An array tree X stores the element X[i] in the corresponding position of the
above binary tree.  Load and store locate the desired element by following
the binary decomposition of the subscript;  store then rebuilds the tree,
constructing new nodes to contain the data passed over when descending into
the tree.  The old tree is unchanged, as the stack machine requires.  The
stack machine (sm.p) implements load and store as the Pascal procedures
arrayLookup and arrayEnter.



POSSIBLE IMPROVEMENTS

Section 8.3.1 of the thesis suggests splitting the simplifier into an
evaluator and an optimizer.  The section claims that you must first split
the semantic language into static and dynamic parts, but this is
unnecessary. An ordinary call-by-value evaluator for my semantic language
would compute attributes correctly, and much more efficiently than my
simplifier does.  The optimizer would need to perform only beta-reductions;
it would be called on the bodies of lambda-expressions, just before
translating them into SECD instructions. Then top-level recursive functions
would become semantically equivalent to locally defined recursive functions
(compare with secton B.1).
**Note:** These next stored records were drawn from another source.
(* If $G$ is a connected graph and $f=(V_0,V_1,V_2)$ is an OIRD function of $G$ of minimum weight $\gamma_{oiR}(G)$ (where $V_i=\{v: f(v)=i\}$), then $\gamma_{oidR}(G)\le 2\gamma_{oiR}(G)-|V_2|$.
   Context: A DRD function of $G$ is $f:V(G)\to\{0,1,2,3\}$ such that every vertex with value $0$ has a neighbor with value $3$ or two neighbors with value $2$, and every vertex with value $1$ has a neighbor with value at least $2$; it is an OIDRD function if the set of vertices with value $0$ is independent, and $\gamma_{oidR}(G)$ is the minimum weight $\sum_v f(v)$ of an OIDRD function. A Roman dominating function is $f:V(G)\to\{0,1,2\}$ such that every vertex with value $0$ has a neighbor with value $2$; it is an OIRD function if the set of vertices with value $0$ is independent, and $\gamma_{oiR}(G)$ is the minimum weight of an OIRD function. *)

theory Defs
  imports Main
begin

definition graph :: "'a set \<Rightarrow> ('a \<Rightarrow> 'a \<Rightarrow> bool) \<Rightarrow> bool" where
  "graph V E \<longleftrightarrow> finite V \<and> (\<forall>u v. E u v \<longrightarrow> u \<in> V \<and> v \<in> V)
     \<and> (\<forall>u v. E u v \<longrightarrow> E v u) \<and> (\<forall>v. \<not> E v v)"

definition connected_graph :: "'a set \<Rightarrow> ('a \<Rightarrow> 'a \<Rightarrow> bool) \<Rightarrow> bool" where
  "connected_graph V E \<longleftrightarrow> graph V E \<and> V \<noteq> {} \<and> (\<forall>u\<in>V. \<forall>v\<in>V. E\<^sup>*\<^sup>* u v)"

definition weight :: "'a set \<Rightarrow> ('a \<Rightarrow> nat) \<Rightarrow> nat" where
  "weight V f = (\<Sum>v\<in>V. f v)"

definition is_RDF :: "'a set \<Rightarrow> ('a \<Rightarrow> 'a \<Rightarrow> bool) \<Rightarrow> ('a \<Rightarrow> nat) \<Rightarrow> bool" where
  "is_RDF V E f \<longleftrightarrow> (\<forall>v\<in>V. f v \<le> 2 \<and> (f v = 0 \<longrightarrow> (\<exists>u. E v u \<and> f u = 2)))"

definition is_OIRD :: "'a set \<Rightarrow> ('a \<Rightarrow> 'a \<Rightarrow> bool) \<Rightarrow> ('a \<Rightarrow> nat) \<Rightarrow> bool" where
  "is_OIRD V E f \<longleftrightarrow> is_RDF V E f \<and>
     (\<forall>u\<in>V. \<forall>v\<in>V. f u = 0 \<and> f v = 0 \<longrightarrow> \<not> E u v)"

definition is_DRD :: "'a set \<Rightarrow> ('a \<Rightarrow> 'a \<Rightarrow> bool) \<Rightarrow> ('a \<Rightarrow> nat) \<Rightarrow> bool" where
  "is_DRD V E f \<longleftrightarrow> (\<forall>v\<in>V. f v \<le> 3
     \<and> (f v = 0 \<longrightarrow> (\<exists>u. E v u \<and> f u = 3) \<or>
                     (\<exists>u w. u \<noteq> w \<and> E v u \<and> E v w \<and> f u = 2 \<and> f w = 2))
     \<and> (f v = 1 \<longrightarrow> (\<exists>u. E v u \<and> f u \<ge> 2)))"

definition is_OIDRD :: "'a set \<Rightarrow> ('a \<Rightarrow> 'a \<Rightarrow> bool) \<Rightarrow> ('a \<Rightarrow> nat) \<Rightarrow> bool" where
  "is_OIDRD V E f \<longleftrightarrow> is_DRD V E f \<and>
     (\<forall>u\<in>V. \<forall>v\<in>V. f u = 0 \<and> f v = 0 \<longrightarrow> \<not> E u v)"

definition gamma_oiR :: "'a set \<Rightarrow> ('a \<Rightarrow> 'a \<Rightarrow> bool) \<Rightarrow> nat" where
  "gamma_oiR V E = (LEAST w. \<exists>f. is_OIRD V E f \<and> weight V f = w)"

definition gamma_oidR :: "'a set \<Rightarrow> ('a \<Rightarrow> 'a \<Rightarrow> bool) \<Rightarrow> nat" where
  "gamma_oidR V E = (LEAST w. \<exists>f. is_OIDRD V E f \<and> weight V f = w)"

end

theory Submission
  imports Defs
begin

text \<open>Relabelling an OIRD function by 0, 1, 2 \<mapsto> 0, 2, 3 yields an OIDRD function: the
  vertices of value 0 stay the same, each still has a neighbour of value 3, and no vertex has
  value 1. The new weight is twice the old one minus the number of vertices of value 2.\<close>

definition double_roman_lift :: "('a \<Rightarrow> nat) \<Rightarrow> 'a \<Rightarrow> nat" where
  "double_roman_lift f v = (if f v = 0 then 0 else if f v = 1 then 2 else 3)"

lemma is_OIDRD_double_roman_lift:
  assumes "is_OIRD V E f"
  shows "is_OIDRD V E (double_roman_lift f)"
proof -
  have "\<exists>u. E v u \<and> double_roman_lift f u = 3" if v: "v \<in> V" "f v = 0" for v
  proof -
    obtain u where "E v u" "f u = 2"
      using assms v unfolding is_OIRD_def is_RDF_def by blast
    then show ?thesis by (intro exI[of _ u]) (simp add: double_roman_lift_def)
  qed
  moreover have "double_roman_lift f v \<noteq> 1" for v
    by (simp add: double_roman_lift_def)
  ultimately show ?thesis
    using assms unfolding is_OIDRD_def is_DRD_def is_OIRD_def
    by (auto simp: double_roman_lift_def)
qed

lemma weight_double_roman_lift:
  assumes "finite V" and "\<forall>v\<in>V. f v \<le> 2"
  shows "weight V (double_roman_lift f) + card {v\<in>V. f v = 2} = 2 * weight V f"
proof -
  have pointwise: "double_roman_lift f v + (if f v = 2 then 1 else 0) = 2 * f v" if "v \<in> V" for v
    using assms(2) that by (auto simp: double_roman_lift_def)
  have "card {v\<in>V. f v = 2} = (\<Sum>v\<in>V. if f v = 2 then 1 else 0)"
    using assms(1) by (simp add: sum.If_cases Int_def)
  then show ?thesis
    unfolding weight_def by (simp add: sum.distrib[symmetric] sum_distrib_left pointwise)
qed

lemma gamma_oidR_le_weight:
  assumes "is_OIDRD V E g"
  shows "gamma_oidR V E \<le> weight V g"
  using assms unfolding gamma_oidR_def by (auto intro: Least_le)

theorem corollary1:
  fixes V :: "'a set" and E :: "'a \<Rightarrow> 'a \<Rightarrow> bool" and f :: "'a \<Rightarrow> nat"
  assumes "connected_graph V E"
    and "is_OIRD V E f"
    and "weight V f = gamma_oiR V E"
  shows "int (gamma_oidR V E) \<le> 2 * int (gamma_oiR V E) - int (card {v\<in>V. f v = 2})"
proof -
  have "finite V"
    using assms(1) unfolding connected_graph_def graph_def by blast
  moreover have "\<forall>v\<in>V. f v \<le> 2"
    using assms(2) unfolding is_OIRD_def is_RDF_def by blast
  ultimately have "weight V (double_roman_lift f) + card {v\<in>V. f v = 2} = 2 * gamma_oiR V E"
    using weight_double_roman_lift assms(3) by metis
  moreover have "gamma_oidR V E \<le> weight V (double_roman_lift f)"
    using gamma_oidR_le_weight is_OIDRD_double_roman_lift assms(2) by blast
  ultimately show ?thesis by linarith
qed

end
Many of the optimizations described in Chapter 7
would become unnecessary.

Data types (domains) in my semantic language are clumsy.  Much better would be
the polymorphic type system used in the language ML (Gordon et al., 1979).
This would retain the error-detection one expects of strong typing, while
getting rid of the need to specify the type of every variable, attribute,
recursive function, and bottom element (BOT).  Forward declarations would
disappear.

The ML mechanism for generating and trapping failures could produce readable
messages for both compile- and run-time errors.  (Currently it is almost
imposssible to diagnose run-time errors in the stack machine.)  But first
the compiler generator would have to provide more general string operations.
Perhaps the next compiler generator should be written on top of ML, in the
style of LCF (Gordon et al., 1979).

Uwe Pleban and his colleagues have done some interesting work using the 
compiler generator (Milos et al., 1984).

REFERENCES

A.V. Aho and J.D. Ullman (1977),
Principles of Compiler Design,
Addison-Wesley.

M.J.C. Gordon, R. Milner, C.W. Wadsworth (1979),
Edinburgh LCF,
Springer-Verlag LNCS 78.

D. Milos, U. Pleban, G. Loegel (1984),
Direct Implementation of Compiler Specifications,
11th POPL.

L.C. Paulson (1981),
A Compiler Generator for Semantic Grammars,
PhD Thesis, Stanford University.

L.C. Paulson (1982),
A semantics-directed compiler generator,
Ninth ACM Symposium on Principles of Programming Languages, pages 224-233.

L.C. Paulson (1984),
Compiler generation from denotational semantics,
in B. Lorho, editor,
Methods and Tools for Compiler Construction,
Cambridge University Press, pages 219-250.